When the Xyplex first boots there is a fair amount of noise on the serial ports which can be interpreted by an attached machine as a serial break signal. One can usually avoid this problem on Sun machines by configuring the Sun to ignore console breaks after the kernel has booted.
However this system breaks down during one of the most critical times: You've just taken an extended power outage in your data center, and your UPS has run out of battery time. You've configured your servers to recognise this situation and they've shut themselves down. (You did, right? :) The Xyplex has lost power too, but that's fine because you remembered to save your most recent changes to the flash card. (You did, right? :) Now the power has come back and your Xyplex is booting at the same time that your Sun machines are coming up. The Solaris kernels have not yet fully booted, so they're not ignoring break signals. *thonk* Your servers are now all waiting at the PROM prompt until someone pages you out of your nice warm bed at 3AM to say that your network is dead ...
Unless you're using a flash card to store information locally, the Xyplex is very dependant on other machines on your network, such as a TFTP server. This may be ok when using it to serve a modem pool, however it just isn't good enough when acting as a console server. (If your TFTP server won't boot after an extended power outage, you won't be able to access its serial port to figure out why if you need the Xyplex to get there. Chicken and egg ...)
Let us just say that, by modern standards, configuring a Xyplex 1600 is convoluted, prone to error, and difficult to validate. By the time that you get around to having a working configuration, the time you spent may have been more expensive than purchasing a more modern unit.
The network connection for the Xyplex 1600 requires an AUI in order to connect it a TP (eg 10bT) hub. AUIs are becoming difficult to find, and not all models work.

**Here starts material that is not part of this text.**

(* Let $N\ge2$, $a\in\mathbb C$, and let $\boldsymbol\theta_0=(\theta_0^{(1)},\dots,\theta_0^{(N)})$, $\boldsymbol\theta_\infty=(\theta_\infty^{(1)},\dots,\theta_\infty^{(N)})\in\mathbb C^N$ have zero sum of components, with the $\theta_\infty^{(k)}$ pairwise distinct and no difference $\theta_\infty^{(k)}-\theta_\infty^{(l)}$ a nonzero integer. Let $r_1,\dots,r_N\in\mathbb C^\times$, $\Theta_\infty=\operatorname{diag}\boldsymbol\theta_\infty$, and define $A_1$ by $$(A_1)_{jm}=-\frac{r_j}{r_m}\cdot\frac{\prod_{k}(\theta_\infty^{(j)}-a/N+\theta_0^{(k)})}{\prod_{k\ne m}(\theta_\infty^{(m)}-\theta_\infty^{(k)})}-\delta_{jm}\frac aN,$$ and $A_0=-A_1-\Theta_\infty$. Then the solution of $$\frac{d\Phi(y)}{dy}=\Phi(y)\left(\frac{A_0}{y}+\frac{A_1}{y-1}\right)$$ with asymptotics $\Phi(y)=y^{-\Theta_\infty}(\mathbb I+O(y^{-1}))$ as $y\to\infty$ is given, for $j,m=1,\dots,N$, by $$\Phi_{jm}(y)=N_{jm}\,y^{-\theta_\infty^{(j)}-1+\delta_{jm}}\left(1-\tfrac1y\right)^{-a/N}{}_NF_{N-1}\left(\begin{matrix}\{1-\delta_{jm}-a/N+\theta_0^{(k)}+\theta_\infty^{(j)}\}_{k=1,\dots,N}\\ \{1+\theta_\infty^{(j)}-\theta_\infty^{(k)}+\delta_{mk}-\delta_{jm}\}_{k=1,\dots,N;\,k\ne j}\end{matrix}\;\Bigg|\;\frac1y\right),$$ where $N_{jm}=\dfrac{(A_1)_{jm}}{\theta_\infty^{(m)}-\theta_\infty^{(j)}-1}$ for $j\ne m$ and $N_{jj}=1$.
   Context: ${}_NF_{N-1}$ denotes the generalized (Clausen–Thomae) hypergeometric function with the $N$ upper parameters listed in the top row and the $N-1$ lower parameters listed in the bottom row. In this setting $A_1$ is conjugate to $a\operatorname{diag}(\tfrac{N-1}N,-\tfrac1N,\dots,-\tfrac1N)$ and $A_0$ to $\operatorname{diag}\boldsymbol\theta_0$. *)

theory Defs
  imports "HOL-Analysis.Analysis"
begin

The Xyplex 1600 does not support ssh access, so in order to deploy it securely you should:
Hardware support and software upgrades are no longer available for the Xyplex 1600.

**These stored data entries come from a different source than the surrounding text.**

definition total_order_on :: "'a set \<Rightarrow> ('a \<Rightarrow> 'a \<Rightarrow> bool) \<Rightarrow> bool" where
  "total_order_on A ord \<longleftrightarrow>
     (\<forall>a\<in>A. \<forall>b\<in>A. \<forall>c\<in>A. ord a b \<longrightarrow> ord b c \<longrightarrow> ord a c) \<and>
     (\<forall>a\<in>A. \<forall>b\<in>A. ord a b \<or> ord b a) \<and>
     (\<forall>a\<in>A. \<forall>b\<in>A. ord a b \<longrightarrow> ord b a \<longrightarrow> a = b)"

lemma total_order_onI:
  assumes "\<And>a b c. a \<in> A \<Longrightarrow> b \<in> A \<Longrightarrow> c \<in> A \<Longrightarrow> ord a b \<Longrightarrow> ord b c \<Longrightarrow> ord a c"
    and "\<And>a b. a \<in> A \<Longrightarrow> b \<in> A \<Longrightarrow> ord a b \<or> ord b a"
    and "\<And>a b. a \<in> A \<Longrightarrow> b \<in> A \<Longrightarrow> ord a b \<Longrightarrow> ord b a \<Longrightarrow> a = b"
  shows "total_order_on A ord"
  using assms unfolding total_order_on_def by blast

lemma total_order_on_subset: "total_order_on A ord \<Longrightarrow> B \<subseteq> A \<Longrightarrow> total_order_on B ord"
  unfolding total_order_on_def by blast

If you're a hobbiest or your organization's financial circumstances are such that purchasing newer equipment is not an option, then you can of course still use a Xyplex, but be aware of the pitfalls.
There are now many vendors of console server and terminal server products. Out of respect for MRV Communications, who provided much information on the Xyplex 1600 when they bought that product line, I mention them as one such vendor. However you can find many other such vendors by doing a search for "console server" in your favorite search engine.
If you need to control x86-based machines that don't have serial consoles, then check out the PC Weasel 2000 as related hardware. Many x86 rack mount hardware vendors are now also providing similar cards as options.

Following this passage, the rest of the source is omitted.